The Witch of Blackbird Pond

by Elizabeth George Speare

Laurel-Leaf Books, 1993. First published in 1958. 224 pages.
Winner of the 1959 Newbery Medal.
Starred Review.
Sonderbooks Stand-out 2010: Wonderful Rereads

When I took a class on the Newbery Medal, some of my classmates got to talking about The Witch of Blackbird Pond, and I found I simply couldn’t resist rereading it, even though for the class I was reading winners that I’d never read before.

Kit grew up in the West Indies, on her grandfather’s plantation. She wore fashionable clothes in bright colors, went swimming in the warm water, and took slaves for granted.

Her grandfather dies, leaving debts that an old widower will help her clear up, if she marries him. So Kit flees to the Massachusetts colony, to her mother’s sister, who married a Puritan long ago.
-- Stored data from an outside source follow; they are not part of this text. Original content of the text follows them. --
(* Let $G$ be a closed subgroup of $S_\infty$. Then there is a good quantifier $Q_G$ of type $\langle 2\rangle$ on $\mathbb{N}$ with $\mathrm{Aut}(Q_G)=G$.
   Context: $S_\infty$ is the group of permutations of $\mathbb{N}$ with the topology of pointwise convergence. A quantifier of type $\langle k\rangle$ on $\mathbb{N}$ is a set $Q\subseteq 2^{\mathbb{N}^k}$ (a family of subsets of $\mathbb{N}^k$; $2^{\mathbb{N}^k}$ carries the product topology). $Q$ is downwards closed if it is closed under subsets. For a map $p$ and $A\subseteq\mathbb{N}^k$, $p(A)=\{(p(a_1),\dots,p(a_k)):(a_1,\dots,a_k)\in A\}$. For $Q$ closed and downwards closed, a function $p:n\to\mathbb{N}$ is compatible with $Q$ if for every $A\subseteq n^k$, $A\in Q\iff p(A)\in Q$. A permutation $f$ of $\mathbb{N}$ fixes $Q$ if $A\in Q\iff f(A)\in Q$ for all $A\subseteq\mathbb{N}^k$; $\mathrm{Aut}(Q)$ is the group of such permutations. $Q$ is good if it is closed, downwards closed, and every finite injection $p:n\to\mathbb{N}$ compatible with $Q$ extends to a permutation of $\mathbb{N}$ fixing $Q$. *)

theory Defs
  imports Main
begin

text \<open>Elements of S_infinity are represented as bijections nat => nat.
  A quantifier of type <2> on nat is a set of subsets of nat x nat.\<close>

definition pmap2 :: "(nat \<Rightarrow> nat) \<Rightarrow> (nat \<times> nat) set \<Rightarrow> (nat \<times> nat) set" where
  "pmap2 p A = (\<lambda>(a, b). (p a, p b)) ` A"

text \<open>Closed subgroup of S_infinity (topology of pointwise convergence):
  a set of permutations containing the identity, closed under composition and inverses,
  and containing every permutation each of whose finite restrictions to {0..<n}
  agrees with some element of G.\<close>
definition closed_subgroup_Sinf :: "(nat \<Rightarrow> nat) set \<Rightarrow> bool" where
  "closed_subgroup_Sinf G \<longleftrightarrow>
     (\<forall>f\<in>G. bij f) \<and> id \<in> G \<and>
     (\<forall>f\<in>G. \<forall>g\<in>G. f \<circ> g \<in> G) \<and>
     (\<forall>f\<in>G. inv f \<in> G) \<and>
     (\<forall>f. bij f \<and> (\<forall>n. \<exists>g\<in>G. \<forall>i<n. g i = f i) \<longrightarrow> f \<in> G)"

text \<open>Closedness of Q in the product topology on 2^(nat x nat): A is in Q whenever every basic
  open neighbourhood of A (determined by a finite set F of coordinates) meets Q.\<close>
definition closed_quant2 :: "(nat \<times> nat) set set \<Rightarrow> bool" where
  "closed_quant2 Q \<longleftrightarrow>
     (\<forall>A. (\<forall>F. finite F \<longrightarrow> (\<exists>B\<in>Q. B \<inter> F = A \<inter> F)) \<longrightarrow> A \<in> Q)"

definition downward_closed2 :: "(nat \<times> nat) set set \<Rightarrow> bool" where
  "downward_closed2 Q \<longleftrightarrow> (\<forall>A\<in>Q. \<forall>B. B \<subseteq> A \<longrightarrow> B \<in> Q)"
To say that Kit doesn’t fit in among the Puritans is an understatement. She tries to help in her aunt’s household, but it takes her time to get used to the tasks. She finds a friend in Hannah, an old woman living out by Blackbird Pond, a Quaker who’s rumored to be a witch, but whom Kit finds to be loving and kind.

There’s all kinds of drama in this story. It’s a testament to its power that most of us in the Newbery class were most enthusiastic about the romance, but one participant, who had read the book when she was younger, in elementary school, hadn’t even noticed the romance. She loved the book because of the drama of Kit trying to fit in and being accused of witchcraft.

The book takes place shortly before the American Revolution, so you also have good historical background. Of course, that’s more conflict for Kit, since she and her grandfather were Royalists, but the Massachusetts colony is talking about rebellion.

This is truly a wonderful book worth reading over and over again. It stands the test of time and spans almost all age levels.